Mich drückt die Fliehkraft an ihre linke Schulter. „Ja, für die 110 Rupien kriegen wir auf dieser Rennpiste wirklich einiges geboten!“
Von Kottayam nach Kumily sollte es gehen, aber ob wir dort in einem Stück ankommen, bezweifle ich. „Diese Schütteltour müssen wir noch über vier Stunden aushalten!“

In der nächsten Kurve rutsche ich fast von meinem Platz.
Anne runzelt die Stirn. „Das ist doch noch gar nix. Vor der Fahrt durchs Gebirge habe ich Angst.“
Sie setzt sich auf und deutet mit dem Kopf auf den akkurat in Khaki-Uniform gekleideten Fahrer, direkt vor uns. Sicher und fest thront er auf seinem Sitz und düst schnittig durch die Kurven von Kottayam.
„Der scheint es drauf angelegt zu haben, hier ein Rennen zu gewinnen.“
Wahrscheinlich hat Anne recht, denn unterstützt durch ständiges Hupen überholt er selbstbewusst jeden anderen Verkehrsteilnehmer vor uns und lässt dabei das Lenkrad geschmeidig durch die Finger gleiten. Ab und an hüpft sein Oberlippenbart nach oben, denn er schwatzt und lacht mit den Fahrgästen neben ihm.

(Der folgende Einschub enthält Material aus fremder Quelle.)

lemma sum_even_parity_type_pairs:
  fixes n k m :: nat
  assumes "odd n" "k \<le> n" "m \<le> n"
  shows "(\<Sum>(r, c)\<in>{rc \<in> {k, n - k} \<times> {m, n - m}. even (fst rc + snd rc)}. r * c) =
    (if even (k + m) then k * m + (n - k) * (n - m) else k * (n - m) + m * (n - k))"
proof -
  have "k \<noteq> n - k" "m \<noteq> n - m"
    using assms by presburger+
  moreover have "{rc \<in> {k, n - k} \<times> {m, n - m}. even (fst rc + snd rc)} =
      (if even (k + m) then {(k, m), (n - k, n - m)} else {(n - k, m), (k, n - m)})"
    using assms by auto
  ultimately show ?thesis
    by (simp add: mult.commute)
qed

lemma ratio_of_common_multiples:
  fixes a b d t x y :: nat
  assumes "d * a = t * x" "d * b = t * y" "0 < d" "0 < y"
  shows "real a = real x / real y * real b"
proof -
  have "real d * real a = real t * real x" "real d * real b = real t * real y"
    using assms(1,2) of_nat_mult by metis+
  then have "real a = real t * real x / real d" "real b = real t * real y / real d"
    using assms(3) by (simp_all add: field_simps)
  then show ?thesis
    using assms(4) by simp
qed

lemma even_latin_square_order_1:
  assumes "latin_square 1 L"
  shows "even_latin_square 1 L"
proof -
  have "even_rows 1 L' = {0}" if "latin_square 1 L'" for L'
    using row_fun_permutes[OF that, of 0] by (auto simp: even_rows_def lessThan_Suc permutes_sing)
  then show ?thesis
    using assms by (simp add: even_latin_square_iff even_cols_def)
qed

lemma card_reduced_parity_type_scaled:
  fixes n k m :: nat
  assumes "odd n" "3 \<le> n" "k \<le> n" "m \<le> n"
  defines "d \<equiv> n * n * card {p \<in> even_perms n. p 0 = 0} * card (even_perms n)"
    and "t \<equiv> card (latin_squares_with n k m)"
  shows "d * card {L. reduced_latin_square n L \<and> parity_type n L k m} = t * n\<^sup>2"
    and "d * card {L. reduced_latin_square n L \<and> parity_type n L k m \<and> even_latin_square n L} =
      t * (if even (k + m) then k * m + (n - k) * (n - m) else k * (n - m) + m * (n - k))"
proof -
  let ?P = "{k, n - k} \<times> {m, n - m}"
  have "{L. reduced_latin_square n L \<and> parity_type n L k m} =
      {L. reduced_latin_square n L \<and> (card (even_rows n L), card (even_cols n L)) \<in> ?P}"
    by (auto simp: parity_type_iff reduced_latin_square_def)
  then show "d * card {L. reduced_latin_square n L \<and> parity_type n L k m} = t * n\<^sup>2"
    using scaled_card_reduced_latin_squares_by_types[OF assms(2-4), of ?P]
      sum_parity_type_pairs[OF assms(1,3,4)]
    unfolding d_def t_def power2_eq_square by (simp only: order_refl)
  have "{L. reduced_latin_square n L \<and> parity_type n L k m \<and> even_latin_square n L} =
      {L. reduced_latin_square n L \<and>
        (card (even_rows n L), card (even_cols n L)) \<in> {rc \<in> ?P. even (fst rc + snd rc)}}"
    by (auto simp: parity_type_iff even_latin_square_iff reduced_latin_square_def)
  then show "d * card {L. reduced_latin_square n L \<and> parity_type n L k m \<and> even_latin_square n L} =
      t * (if even (k + m) then k * m + (n - k) * (n - m) else k * (n - m) + m * (n - k))"
    using scaled_card_reduced_latin_squares_by_types[OF assms(2-4), of "{rc \<in> ?P. even (fst rc + snd rc)}"]
      sum_even_parity_type_pairs[OF assms(1,3,4)]
    unfolding d_def t_def by (simp only: mem_Collect_eq subset_iff, blast)
qed

lemma card_even_perms_pos: "0 < card {p \<in> even_perms n. p 0 = 0} * card (even_perms n)"
proof -
  have "finite {p \<in> even_perms n. p 0 = 0}"
    by (rule finite_subset[OF _ finite_even_perms]) auto
  moreover have "id \<in> {p \<in> even_perms n. p 0 = 0}" "id \<in> even_perms n"
    by (simp_all add: even_perms_def)
  ultimately show ?thesis
    using finite_even_perms by (auto simp: card_gt_0_iff)
qed

theorem corollary3p2:
  fixes n k m :: nat
  assumes "odd n" and "2 * k \<le> n" and "2 * m \<le> n"
  defines "N \<equiv> card {L. reduced_latin_square n L \<and> parity_type n L k m}"
  defines "E \<equiv> card {L. reduced_latin_square n L \<and> parity_type n L k m \<and> even_latin_square n L}"
  shows "(even (k + m) \<longrightarrow>
            real E = (real (k * m + (n - k) * (n - m)) / real (n ^ 2)) * real N) \<and>
         (odd (k + m) \<longrightarrow>
            real E = (real (k * (n - m) + m * (n - k)) / real (n ^ 2)) * real N)"
proof (cases "n = 1")
  case True
  then have "E = N"
    unfolding E_def N_def using even_latin_square_order_1
    by (intro arg_cong[where f = card] Collect_cong) (auto simp: reduced_latin_square_def)
  moreover have "k = 0" "m = 0"
    using True assms(2,3) by auto
  ultimately show ?thesis
    using True by simp
next
  case False
  then have "3 \<le> n"
    using \<open>odd n\<close> by presburger
  moreover have "k \<le> n" "m \<le> n"
    using assms(2,3) by auto
  ultimately have "real E = real (if even (k + m) then k * m + (n - k) * (n - m) else k * (n - m) + m * (n - k))
      / real (n\<^sup>2) * real N"
    using card_reduced_parity_type_scaled[OF \<open>odd n\<close>] card_even_perms_pos[of n] unfolding E_def N_def
    by (intro ratio_of_common_multiples) (auto simp: mult_pos_pos)
  then show ?thesis
    by (cases "even (k + m)") (simp_all only: if_True if_False simp_thms)
qed

end
lemma pair_dist_sum_le:
  assumes sg: "simple_graph V E" and conn: "connected_graph V E" and v0: "v0 \<in> V"
    and ball: "\<forall>v\<in>V. b \<le> real (card {u \<in> V. dist V E v u \<le> 2})"
    and ball0: "a \<le> real (card {u \<in> V. dist V E v0 u \<le> 2})"
    and ab: "b \<le> a" and b1: "1 \<le> b"
  shows "(\<Sum>(u, w)\<in>{(u, w). u \<in> V \<and> w \<in> V \<and> u \<noteq> w}. real (dist V E u w))
    \<le> 8 * real (card {(u, w). u \<in> V \<and> w \<in> V \<and> u \<noteq> w}) + 5 * tree_wiener_bound a b (real (card V))"
proof -
  have fin: "finite V"
    using sg unfolding simple_graph_def by auto
  obtain k par s asg where k: "0 < k" and par: "\<forall>j. 0 < j \<longrightarrow> par j < j" and s0: "s 0 = v0"
    and asg: "\<forall>u\<in>V. asg u < k"
    and balls: "\<forall>i<k. s i \<in> V \<and> {u \<in> V. dist V E (s i) u \<le> 2} \<subseteq> {u \<in> V. asg u = i}"
    and cluster_dist: "\<forall>u\<in>V. \<forall>w\<in>V. dist V E u w \<le> 8 + 5 * dist {..<k} (parent_tree par k) (asg u) (asg w)"
    using centre_clustering[OF sg conn v0] .
  define c where "c i = real (card {u \<in> V. asg u = i})" for i
  define dT where "dT = dist {..<k} (parent_tree par k)"
  have "b \<le> c i" if "i < k" for i
  proof -
    have "real (card {u \<in> V. dist V E (s i) u \<le> 2}) \<le> c i"
      unfolding c_def using balls that fin by (intro of_nat_mono card_mono) auto
    then show ?thesis
      using ball balls that by (meson order_trans)
  qed
  moreover have "a \<le> c 0"
    unfolding c_def using balls k s0 ball0 fin order_trans[OF ball0 of_nat_mono[OF card_mono]] by auto
  moreover have "(\<Sum>i<k. c i) = real (card V)"
    using sum_comp_eq_sum_card_fibres[OF fin asg, of "\<lambda>_. 1"] unfolding c_def by simp
  ultimately have tree: "(\<Sum>i<k. \<Sum>j<k. c i * c j * real (dT i j)) \<le> tree_wiener_bound a b (real (card V))"
    unfolding dT_def using weighted_tree_wiener_le[OF par k, of a c b] ab b1 by simp
  have "(\<Sum>(u, w)\<in>{(u, w). u \<in> V \<and> w \<in> V \<and> u \<noteq> w}. real (dist V E u w))
      \<le> 8 * real (card {(u, w). u \<in> V \<and> w \<in> V \<and> u \<noteq> w})
        + (\<Sum>i<k. \<Sum>j<k. c i * c j * (5 * real (dT i j)))"
  proof (unfold c_def dT_def, rule sum_off_diagonal_le_fibre_sum[OF fin asg])
    fix u w assume "u \<in> V" "w \<in> V"
    then have "real (dist V E u w) \<le> real (8 + 5 * dist {..<k} (parent_tree par k) (asg u) (asg w))"
      using cluster_dist by (intro of_nat_mono) auto
    then show "real (dist V E u w) \<le> 8 + 5 * real (dist {..<k} (parent_tree par k) (asg u) (asg w))"
      by simp
  qed simp
  also have "(\<Sum>i<k. \<Sum>j<k. c i * c j * (5 * real (dT i j))) = 5 * (\<Sum>i<k. \<Sum>j<k. c i * c j * real (dT i j))"
    by (simp add: sum_distrib_left mult.left_commute)
  finally show ?thesis
    using tree by linarith
qed
(* For any positive integer $D$ there are no points ${\bf p}_1,\dots,{\bf p}_6\in\mathbb R^D$ such that $|{\bf p}_i-{\bf p}_{i+1}|\le 1$ and $|{\bf p}_i-{\bf p}_{i+3}|>2$ for all $i$, indices taken modulo $6$. *)

theory Defs
  imports "HOL-Analysis.Analysis"
begin

end

theory Submission
  imports Defs
begin

text \<open>For a closed hexagon \<open>a b c d e f\<close> in an inner product space, twice the sum of the
squared sides minus the sum of the squared main diagonals is a sum of four squares. So if
every side has length at most \<open>1\<close>, the squared diagonals sum to at most \<open>12\<close> and cannot
all exceed \<open>4\<close>.\<close>

lemma hexagon_sides_diagonals_identity:
  fixes a b c d e f :: "'a::real_inner"
  shows "2 * ((norm (a - b))\<^sup>2 + (norm (b - c))\<^sup>2 + (norm (c - d))\<^sup>2
            + (norm (d - e))\<^sup>2 + (norm (e - f))\<^sup>2 + (norm (f - a))\<^sup>2)
         - ((norm (a - d))\<^sup>2 + (norm (b - e))\<^sup>2 + (norm (c - f))\<^sup>2)
       = (norm (a - b + c - d + e - f))\<^sup>2 + (norm ((a + d) - (b + e)))\<^sup>2
         + (norm ((b + e) - (c + f)))\<^sup>2 + (norm ((c + f) - (a + d)))\<^sup>2"
  unfolding power2_norm_eq_inner
  by (simp add: inner_diff_left inner_diff_right inner_add_left inner_add_right
      inner_commute algebra_simps)

lemma hexagon_diagonals_le_sides:
  fixes a b c d e f :: "'a::real_inner"
  shows "(dist a d)\<^sup>2 + (dist b e)\<^sup>2 + (dist c f)\<^sup>2
    \<le> 2 * ((dist a b)\<^sup>2 + (dist b c)\<^sup>2 + (dist c d)\<^sup>2
           + (dist d e)\<^sup>2 + (dist e f)\<^sup>2 + (dist f a)\<^sup>2)"
  using hexagon_sides_diagonals_identity[of a b c d e f]
  unfolding dist_norm by (smt (verit) zero_le_power2)

lemma hexagon_unit_sides_short_diagonal:
  fixes a b c d e f :: "'a::real_inner"
  assumes "dist a b \<le> 1" "dist b c \<le> 1" "dist c d \<le> 1"
    and "dist d e \<le> 1" "dist e f \<le> 1" "dist f a \<le> 1"
  shows "dist a d \<le> 2 \<or> dist b e \<le> 2 \<or> dist c f \<le> 2"
proof (rule ccontr)
  have square_le_one: "(dist x y)\<^sup>2 \<le> 1" if "dist x y \<le> 1" for x y :: 'a
    using that by (simp add: power_le_one)
  have square_gt_four: "4 < (dist x y)\<^sup>2" if "2 < dist x y" for x y :: 'a
    using power_strict_mono[of 2 "dist x y" 2] that by simp
  assume "\<not> ?thesis"
  then have "12 < (dist a d)\<^sup>2 + (dist b e)\<^sup>2 + (dist c f)\<^sup>2"
    using square_gt_four[of a d] square_gt_four[of b e] square_gt_four[of c f] by linarith
  moreover have "(dist a b)\<^sup>2 + (dist b c)\<^sup>2 + (dist c d)\<^sup>2
      + (dist d e)\<^sup>2 + (dist e f)\<^sup>2 + (dist f a)\<^sup>2 \<le> 6"
    using assms[THEN square_le_one] by linarith
  moreover note hexagon_diagonals_le_sides[where a = a and b = b and c = c
      and d = d and e = e and f = f]
  ultimately show False
    by (smt (verit))
qed

theorem mainTheorem13:
  fixes p :: "nat \<Rightarrow> real ^ 'n"
  shows "\<not> ((\<forall>i<6. dist (p i) (p ((i + 1) mod 6)) \<le> 1) \<and>
             (\<forall>i<6. dist (p i) (p ((i + 3) mod 6)) > 2))"
proof
  assume "(\<forall>i<6. dist (p i) (p ((i + 1) mod 6)) \<le> 1) \<and>
          (\<forall>i<6. dist (p i) (p ((i + 3) mod 6)) > 2)"
  then have sides: "\<forall>i<6. dist (p i) (p ((i + 1) mod 6)) \<le> 1"
    and diagonals: "\<forall>i<6. dist (p i) (p ((i + 3) mod 6)) > 2"
    by blast+
  have "dist (p 0) (p 1) \<le> 1" "dist (p 1) (p 2) \<le> 1" "dist (p 2) (p 3) \<le> 1"
      "dist (p 3) (p 4) \<le> 1" "dist (p 4) (p 5) \<le> 1" "dist (p 5) (p 0) \<le> 1"
    using sides[rule_format, of 0] sides[rule_format, of 1] sides[rule_format, of 2]
      sides[rule_format, of 3] sides[rule_format, of 4] sides[rule_format, of 5]
    \<comment> \<open>without \<open>One_nat_def\<close> the index \<open>1 + 1\<close> becomes the numeral \<open>2\<close>, not \<open>Suc (Suc 0)\<close>\<close>
    by (simp_all del: One_nat_def)
  then have "dist (p 0) (p 3) \<le> 2 \<or> dist (p 1) (p 4) \<le> 2 \<or> dist (p 2) (p 5) \<le> 2"
    by (rule hexagon_unit_sides_short_diagonal)
  moreover have "dist (p 0) (p 3) > 2" "dist (p 1) (p 4) > 2" "dist (p 2) (p 5) > 2"
    using diagonals[rule_format, of 0] diagonals[rule_format, of 1]
      diagonals[rule_format, of 2]
    by (simp_all del: One_nat_def)
  ultimately show False
    by linarith
qed

end
(* Let $\alpha$ be a Riemannian metric and $\beta$ a 1-form on a manifold, and let $k_1,k_2,k_3$ be constants with $1+(k_1+k_3)t+k_2t^2>0$ for $0\le t\le b^2$. Suppose $$b_{i|j}=2\tau\{(1+k_1b^2)a_{ij}+(k_2b^2+k_3)b_ib_j\}$$ for a scalar function $\tau$. Let $c=c(b^2)=\exp\big(\int_0^{b^2}\frac12\frac{k_3+k_2t}{1+(k_1+k_3)t+k_2t^2}dt\big)$ and $\tilde\beta=\beta/c$. Then the covariant derivative of $\tilde\beta$ with respect to $\alpha$ satisfies $$\tilde b_{i|j}=\frac{2\tau(1+k_1b^2)}{c}\,a_{ij};$$ in particular $\tilde\beta$ is closed and conformal with respect to $\alpha$.
   Context: For $\alpha=\sqrt{a_{ij}y^iy^j}$ and $\beta=b_iy^i$: $b=\|\beta\|_\alpha=\sqrt{a^{ij}b_ib_j}$, and $b_{i|j}$ denotes the covariant derivative of $\beta$ with respect to the Levi-Civita connection of $\alpha$. A 1-form is closed if its covariant derivative is symmetric. *)

theory Defs
  imports "HOL-Analysis.Analysis"
begin

text \<open>Local-coordinate setting: an open coordinate domain U in R^n (index type 'n).\<close>

definition partial :: "(real^'n \<Rightarrow> real) \<Rightarrow> 'n \<Rightarrow> real^'n \<Rightarrow> real" where
  "partial f j x = frechet_derivative f (at x) (axis j 1)"

definition riemannian_metric_on :: "(real^'n) set \<Rightarrow> (real^'n \<Rightarrow> real^'n^'n) \<Rightarrow> bool" where
  "riemannian_metric_on U A \<longleftrightarrow> open U \<and> (\<forall>x\<in>U.
      (\<forall>i j. A x $ i $ j = A x $ j $ i) \<and>
      (\<forall>v. v \<noteq> 0 \<longrightarrow> v \<bullet> (A x *v v) > 0) \<and>
      (\<forall>i j. (\<lambda>y. A y $ i $ j) differentiable (at x)))"

definition one_form_on :: "(real^'n) set \<Rightarrow> (real^'n \<Rightarrow> real^'n) \<Rightarrow> bool" where
  "one_form_on U b \<longleftrightarrow> (\<forall>x\<in>U. \<forall>i. (\<lambda>y. b y $ i) differentiable (at x))"

definition christoffel :: "(real^'n \<Rightarrow> real^'n^'n) \<Rightarrow> real^'n \<Rightarrow> 'n \<Rightarrow> 'n \<Rightarrow> 'n \<Rightarrow> real" where
  "christoffel A x k i j =
     (\<Sum>l\<in>UNIV. matrix_inv (A x) $ k $ l *
        (partial (\<lambda>y. A y $ j $ l) i x + partial (\<lambda>y. A y $ i $ l) j x
         - partial (\<lambda>y. A y $ i $ j) l x)) / 2"

definition covd :: "(real^'n \<Rightarrow> real^'n^'n) \<Rightarrow> (real^'n \<Rightarrow> real^'n) \<Rightarrow> real^'n \<Rightarrow> 'n \<Rightarrow> 'n \<Rightarrow> real" where
  "covd A b x i j = partial (\<lambda>y. b y $ i) j x - (\<Sum>k\<in>UNIV. christoffel A x k i j * b x $ k)"

definition bsq :: "(real^'n \<Rightarrow> real^'n^'n) \<Rightarrow> (real^'n \<Rightarrow> real^'n) \<Rightarrow> real^'n \<Rightarrow> real" where
  "bsq A b x = (\<Sum>i\<in>UNIV. \<Sum>j\<in>UNIV. matrix_inv (A x) $ i $ j * b x $ i * b x $ j)"

end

„Jetzt weiß ich, das ist Racing Joe!“, ruft Anne nach einem besonders waghalsigen Überholmanöver. „Der verdient damit sein Geld.“
Ich muss lachen. Der Name gefällt mir.
Meine Freundin krallt sich mit der rechten Hand an den türkisfarbenen Gittern der offenen Fenster fest, um nicht mit dem Kopf dagegen zu schlagen. Dabei reißt sie sich an einem offen stehenden Nagel den Handrücken auf. Es blutet.
Ich hole sofort ein Pflaster aus meinem Rucksack und verarzte die Wunde.
„Mann“, stöhnt sie, „eine kaputte Hand kann ich ebenso wenig gebrauchen wie eine Gehirnerschütterung.“
Na klar. Je lädierter wir in den West-Ghats ankommen, umso unwahrscheinlicher wird die geplante Trecking Tour durch den Periyar Nationalpark.
Rums!
Anne knallt wieder mit der rechten Schulter gegen das Fenstergitter und ohne dass ich es verhindern kann, drücke ich sie noch ein bisschen stärker dagegen.
„Autsch!“

Eine halbe Stunde später sind wir in den gefürchteten Bergen.
Racing Joe legt sich in die Serpentinen wie ein Rennfahrer auf der Piste. Unerschrocken schneidet er die Kurven und zieht auf der schmalen Fahrspur sogar an LKWs und Bussen vorbei.
Verkehrsschilder mit Totenköpfen drauf warnen vor unachtsamem Fahren. Der weiße Mittelstreifen bedeutet auch in Indien Überholverbot.
„Go slow!“ oder „Dangerous zone“ steht auf den Achtungsschildern. Die Geschwindigkeitsgrenze sind 30 Stundenkilometer. Das alles scheint unseren Busfahrer nicht zu interessieren.
Vor uns kommt ein Laster zum Stehen.
Racing Joe macht eine Vollbremsung.
„Ahhh!“, schreie ich.
Racing Joe blickt sich zu mir um, wackelt mit dem Kopf und gibt wieder Gas.
Anne lacht bei diesem Anblick schrill. Ihr Blick hat etwas Irres.
Mir ist übel vor Angst.
„Et kütt, wie et kütt“, verkündet meine Freundin und lacht wieder ganz komisch.
„Also Tod oder Leben?!“, antworte ich erschreckt.
Racing Joe hupt erneut und zieht mit Vollgas in die nächste Kurve.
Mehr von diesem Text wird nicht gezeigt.